(* Let $(\mathcal{S},\mathcal{R})$ be an $r$-complete positive presentation satisfying: (C$_r$) $\mathcal{R}$ contains no relation $su=sv$ with $s\in\mathcal{S}$ and $u\neq v$; (E$_r$) there exists a set $\mathcal{S}'$ with $\mathcal{S}\subseteq\mathcal{S}'\subseteq\mathcal{S}^*$ such that for all $u,v\in\mathcal{S}'$ there exist $u',v'\in\mathcal{S}'$ satisfying $(uv')^{-1}(vu')\curvearrowright_r\varepsilon$. Then: (i) for all words $\mathbf{w},\mathbf{w}'$ on $\mathcal{S}\cup\mathcal{S}^{-1}$, $\mathbf{w}\equiv^{\pm}\mathbf{w}'$ holds if and only if there exist $u,v,w,u',v',w'\in\mathcal{S}^*$ with $\mathbf{w}\curvearrowright_r vu^{-1}$, $\mathbf{w}'\curvearrowright_r v'u'^{-1}$, $uw\equiv u'w'$ and $vw\equiv v'w'$; (ii) for all $u,u'\in\mathcal{S}^*$, $u\equiv^{\pm}u'$ holds if and only if there exists $w\in\mathcal{S}^*$ with $uw\equiv u'w$.
   Context: A positive presentation is a pair $(\mathcal{S},\mathcal{R})$ where $\mathcal{S}$ is a nonempty set of letters and $\mathcal{R}$ is a family of relations $u=v$, i.e. unordered pairs $\{u,v\}$ of nonempty words in the free monoid $\mathcal{S}^*$ (letters are regarded as length-one words). $\varepsilon$ denotes the empty word; $\equiv$ is the smallest congruence on $\mathcal{S}^*$ containing all pairs of $\mathcal{R}$. Let $\mathcal{S}^{-1}=\{s^{-1}:s\in\mathcal{S}\}$ be a disjoint copy of $\mathcal{S}$; $\equiv^{\pm}$ is the smallest congruence on $(\mathcal{S}\cup\mathcal{S}^{-1})^*$ containing all pairs of $\mathcal{R}$ and all pairs $\{ss^{-1},\varepsilon\}$, $\{s^{-1}s,\varepsilon\}$ for $s\in\mathcal{S}$. For $u\in\mathcal{S}^*$, $u^{-1}$ is obtained by reversing the order of the letters of $u$ and replacing each $s$ by $s^{-1}$. Right reversing: for words $\mathbf{w},\mathbf{w}'$ on $\mathcal{S}\cup\mathcal{S}^{-1}$ we write $\mathbf{w}\curvearrowright_r\mathbf{w}'$ if $\mathbf{w}'$ is obtained from $\mathbf{w}$ by a finite (possibly empty) sequence of steps, each of which either deletes a subword $u^{-1}u$ with $u\in\mathcal{S}^*$ nonempty, or replaces a subword $u^{-1}v$ with $u,v\in\mathcal{S}^*$ nonempty by a word $v'u'^{-1}$ with $u',v'\in\mathcal{S}^*$ such that $uv'=vu'$ is a relation of $\mathcal{R}$. $(\mathcal{S},\mathcal{R})$ is $r$-complete if for all $u,v,u',v'\in\mathcal{S}^*$ with $uv'\equiv vu'$ there exist $u'',v'',w\in\mathcal{S}^*$ with $u^{-1}v\curvearrowright_r v''u''^{-1}$, $u'\equiv u''w$ and $v'\equiv v''w$. *)

theory Defs
  imports Main
begin

text \<open>Alphabet: the type 'a plays the role of the (nonempty) letter set S; positive words are
  'a list (S^*); R is a set of pairs of words, each pair (u,v) standing for the unordered
  relation u = v.\<close>

datatype 'a sletter = Pos 'a | Neg 'a

definition pw :: "'a list \<Rightarrow> 'a sletter list" where
  "pw u = map Pos u"

definition iw :: "'a list \<Rightarrow> 'a sletter list" where
  "iw u = rev (map Neg u)"

definition is_relation :: "('a list \<times> 'a list) set \<Rightarrow> 'a list \<Rightarrow> 'a list \<Rightarrow> bool" where
  "is_relation R u v \<longleftrightarrow> (u, v) \<in> R \<or> (v, u) \<in> R"

definition positive_presentation :: "('a list \<times> 'a list) set \<Rightarrow> bool" where
  "positive_presentation R \<longleftrightarrow> (\<forall>(u, v) \<in> R. u \<noteq> [] \<and> v \<noteq> [])"

inductive pcong :: "('a list \<times> 'a list) set \<Rightarrow> 'a list \<Rightarrow> 'a list \<Rightarrow> bool"
  for R where
  base: "(u, v) \<in> R \<Longrightarrow> pcong R u v"
| refl: "pcong R u u"
| sym: "pcong R u v \<Longrightarrow> pcong R v u"
| trans: "pcong R u v \<Longrightarrow> pcong R v w \<Longrightarrow> pcong R u w"
| compat: "pcong R u v \<Longrightarrow> pcong R u' v' \<Longrightarrow> pcong R (u @ u') (v @ v')"

inductive gcong :: "('a list \<times> 'a list) set \<Rightarrow> 'a sletter list \<Rightarrow> 'a sletter list \<Rightarrow> bool"
  for R where
  base: "(u, v) \<in> R \<Longrightarrow> gcong R (pw u) (pw v)"
| invr: "gcong R [Pos s, Neg s] []"
| invl: "gcong R [Neg s, Pos s] []"
| refl: "gcong R w w"
| sym: "gcong R w w' \<Longrightarrow> gcong R w' w"
| trans: "gcong R w1 w2 \<Longrightarrow> gcong R w2 w3 \<Longrightarrow> gcong R w1 w3"
| compat: "gcong R w1 w2 \<Longrightarrow> gcong R w1' w2' \<Longrightarrow> gcong R (w1 @ w1') (w2 @ w2')"

definition rrev_step :: "('a list \<times> 'a list) set \<Rightarrow> 'a sletter list \<Rightarrow> 'a sletter list \<Rightarrow> bool" where
  "rrev_step R w w' \<longleftrightarrow>
     (\<exists>x y u. u \<noteq> [] \<and> w = x @ iw u @ pw u @ y \<and> w' = x @ y) \<or>
     (\<exists>x y u v u' v'. u \<noteq> [] \<and> v \<noteq> [] \<and> is_relation R (u @ v') (v @ u') \<and>
        w = x @ iw u @ pw v @ y \<and> w' = x @ pw v' @ iw u' @ y)"

definition rrev :: "('a list \<times> 'a list) set \<Rightarrow> 'a sletter list \<Rightarrow> 'a sletter list \<Rightarrow> bool" where
  "rrev R = (rrev_step R)\<^sup>*\<^sup>*"

definition r_complete :: "('a list \<times> 'a list) set \<Rightarrow> bool" where
  "r_complete R \<longleftrightarrow>
     (\<forall>u v u' v'. pcong R (u @ v') (v @ u') \<longrightarrow>
        (\<exists>u'' v'' w. rrev R (iw u @ pw v) (pw v'' @ iw u'') \<and>
                     pcong R u' (u'' @ w) \<and> pcong R v' (v'' @ w)))"

definition cond_C :: "('a list \<times> 'a list) set \<Rightarrow> bool" where
  "cond_C R \<longleftrightarrow> \<not> (\<exists>s u v. u \<noteq> v \<and> is_relation R (s # u) (s # v))"

definition cond_E :: "('a list \<times> 'a list) set \<Rightarrow> bool" where
  "cond_E R \<longleftrightarrow> (\<exists>S' :: 'a list set. (\<forall>s. [s] \<in> S') \<and>
     (\<forall>u \<in> S'. \<forall>v \<in> S'. \<exists>u' \<in> S'. \<exists>v' \<in> S'. rrev R (iw (u @ v') @ pw (v @ u')) []))"

end

theory Submission
  imports Defs
begin

text \<open>Condition (C_r) and r-completeness make the monoid left cancellative: a congruence
  s u \<equiv> s v is witnessed by a reversing of s\<inverse> s, and by (C_r) such a reversing can only
  end in a word t t\<inverse>, whence u \<equiv> v. Condition (E_r) gives common right multiples, so Ore's
  theorem applies. Concretely, a signed word w relates positive words p, q when w p = q in the
  group, i.e. when w represents the right fraction q p\<inverse>. Equivalent signed
  words represent equal fractions (p x \<equiv> p' x' and q x \<equiv> q' x'), and every signed word reverses
  to a word v u\<inverse>, which then represents the same fraction as it does.\<close>

lemma pw_simps [simp]:
  "pw [] = []" "pw (s # u) = Pos s # pw u" "pw (u @ v) = pw u @ pw v"
  by (simp_all add: pw_def)

lemma iw_simps [simp]:
  "iw [] = []" "iw (s # u) = iw u @ [Neg s]" "iw (u @ v) = iw v @ iw u"
  by (simp_all add: iw_def)

lemma Pos_notin_iw [simp]: "Pos s \<notin> set (iw u)"
  by (auto simp: iw_def)

lemma iw_eq_iff [simp]: "iw u = iw v \<longleftrightarrow> u = v"
  by (simp add: iw_def inj_map_eq_map inj_def)

lemma iw_neq_Pos_Cons: "iw b \<noteq> Pos s # w"
  by (metis Pos_notin_iw list.set_intros(1))

lemma pw_append_iw_eq_iff: "pw a @ iw b = pw c @ iw d \<longleftrightarrow> a = c \<and> b = d"
proof (induction a arbitrary: c)
  case Nil
  then show ?case
    by (cases c) (simp_all add: iw_neq_Pos_Cons)
next
  case (Cons s a)
  then show ?case
    by (cases c) (simp_all add: iw_neq_Pos_Cons[symmetric])
qed

lemma pw_append_iw_neq_Neg_Pos: "pw a @ iw b \<noteq> x @ Neg s # Pos t # y"
proof (induction a arbitrary: x)
  case Nil
  have "Pos t \<in> set (x @ Neg s # Pos t # y)"
    by simp
  then show ?case
    using Pos_notin_iw[of t b] by (metis append_Nil pw_simps(1))
next
  case (Cons c a)
  then show ?case
    by (cases x) auto
qed

declare pcong.refl [iff]
lemmas [trans] = pcong.trans gcong.trans

lemma pcong_append_left: "pcong R u v \<Longrightarrow> pcong R (x @ u) (x @ v)"
  by (rule pcong.compat[OF pcong.refl])

lemma pcong_append_right: "pcong R u v \<Longrightarrow> pcong R (u @ x) (v @ x)"
  by (rule pcong.compat[OF _ pcong.refl])

lemma pcong_Cons: "pcong R u v \<Longrightarrow> pcong R (s # u) (s # v)"
  using pcong_append_left[of R u v "[s]"] by simp

lemma pcong_if_is_relation: "is_relation R u v \<Longrightarrow> pcong R u v"
  unfolding is_relation_def using pcong.base pcong.sym by blast

definition left_cancellative :: "('a list \<times> 'a list) set \<Rightarrow> bool" where
  "left_cancellative R \<longleftrightarrow> (\<forall>z u v. pcong R (z @ u) (z @ v) \<longrightarrow> pcong R u v)"

definition common_right_multiples :: "('a list \<times> 'a list) set \<Rightarrow> bool" where
  "common_right_multiples R \<longleftrightarrow> (\<forall>u v. \<exists>u' v'. pcong R (u @ v') (v @ u'))"

lemma left_cancellativeD: "left_cancellative R \<Longrightarrow> pcong R (z @ u) (z @ v) \<Longrightarrow> pcong R u v"
  unfolding left_cancellative_def by blast

lemma left_cancellativeI:
  assumes "\<And>s u v. pcong R (s # u) (s # v) \<Longrightarrow> pcong R u v"
  shows "left_cancellative R"
proof -
  have "pcong R (z @ u) (z @ v) \<Longrightarrow> pcong R u v" for z u v
    by (induction z) (auto intro: assms)
  then show ?thesis
    unfolding left_cancellative_def by blast
qed

lemma common_right_multipleE:
  assumes "common_right_multiples R"
  obtains u' v' where "pcong R (u @ v') (v @ u')"
  using assms unfolding common_right_multiples_def by blast

section \<open>Signed words acting on positive words\<close>

text \<open>acts R w p q expresses w p = q in the group, that is, w represents the fraction q p\<inverse>.\<close>

fun acts :: "('a list \<times> 'a list) set \<Rightarrow> 'a sletter list \<Rightarrow> 'a list \<Rightarrow> 'a list \<Rightarrow> bool" where
  "acts R [] p q \<longleftrightarrow> pcong R p q"
| "acts R (Pos s # w) p q \<longleftrightarrow> (\<exists>r. acts R w p r \<and> pcong R (s # r) q)"
| "acts R (Neg s # w) p q \<longleftrightarrow> acts R w p (s # q)"

lemma acts_pcong: "acts R w p q \<Longrightarrow> pcong R p p' \<Longrightarrow> pcong R q q' \<Longrightarrow> acts R w p' q'"
proof (induction w arbitrary: p q p' q')
  case Nil
  then show ?case
    by (meson acts.simps(1) pcong.sym pcong.trans)
next
  case (Cons l w)
  show ?case
  proof (cases l)
    case (Pos s)
    with Cons.prems obtain r where "acts R w p r" "pcong R (s # r) q"
      by auto
    with Cons.IH[of p r p' r] Cons.prems Pos show ?thesis
      by (auto intro: pcong.trans)
  next
    case (Neg s)
    with Cons.prems Cons.IH[of p "s # q" p' "s # q'"] show ?thesis
      by (auto intro: pcong_Cons)
  qed
qed

lemma acts_append: "acts R (x @ y) p q \<longleftrightarrow> (\<exists>r. acts R y p r \<and> acts R x r q)"
proof (induction x arbitrary: q)
  case Nil
  then show ?case
    by (auto intro: acts_pcong pcong.sym)
next
  case (Cons l x)
  then show ?case
    by (cases l) auto
qed

lemma acts_pw: "acts R (pw u) p q \<longleftrightarrow> pcong R (u @ p) q"
proof (induction u arbitrary: q)
  case (Cons s u)
  then show ?case
    by (auto intro: pcong.trans pcong_Cons)
qed simp

lemma acts_iw: "acts R (iw u) p q \<longleftrightarrow> pcong R p (u @ q)"
proof (induction u arbitrary: p q)
  case (Cons s u)
  have "acts R (iw (s # u)) p q \<longleftrightarrow> (\<exists>r. pcong R p (s # r) \<and> pcong R r (u @ q))"
    using Cons by (simp add: acts_append)
  also have "\<dots> \<longleftrightarrow> pcong R p (s # u @ q)"
    by (auto intro: pcong.trans pcong_Cons)
  finally show ?case
    by simp
qed simp

lemma acts_fraction: "acts R (pw v @ iw u) u v"
  by (auto simp: acts_append acts_pw acts_iw intro!: exI[of _ "[]"])

lemma acts_append_right: "acts R w p q \<Longrightarrow> acts R w (p @ x) (q @ x)"
proof (induction w arbitrary: q)
  case Nil
  then show ?case
    by (simp add: pcong_append_right)
next
  case (Cons l w)
  show ?case
  proof (cases l)
    case (Pos s)
    with Cons.prems obtain r where "acts R w p r" "pcong R (s # r) q"
      by auto
    with Cons.IH[of r] Pos pcong_append_right[of R "s # r" q x] show ?thesis
      by auto
  next
    case (Neg s)
    with Cons.prems Cons.IH[of "s # q"] show ?thesis
      by auto
  qed
qed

TASK DETAILS: What lines in the listing contain "inverse"? Copy them all.

SOLVED EXERCISE:
  s u \<equiv> s v is witnessed by a reversing of s\<inverse> s, and by (C_r) such a reversing can only
  end in a word t t\<inverse>, whence u \<equiv> v. Condition (E_r) gives common right multiples, so Ore's
  group, i.e. when w represents the right fraction q p\<inverse>. Equivalent signed
  to a word v u\<inverse>, which then represents the same fraction as it does.\<close>
text \<open>acts R w p q expresses w p = q in the group, that is, w represents the fraction q p\<inverse>.\<close>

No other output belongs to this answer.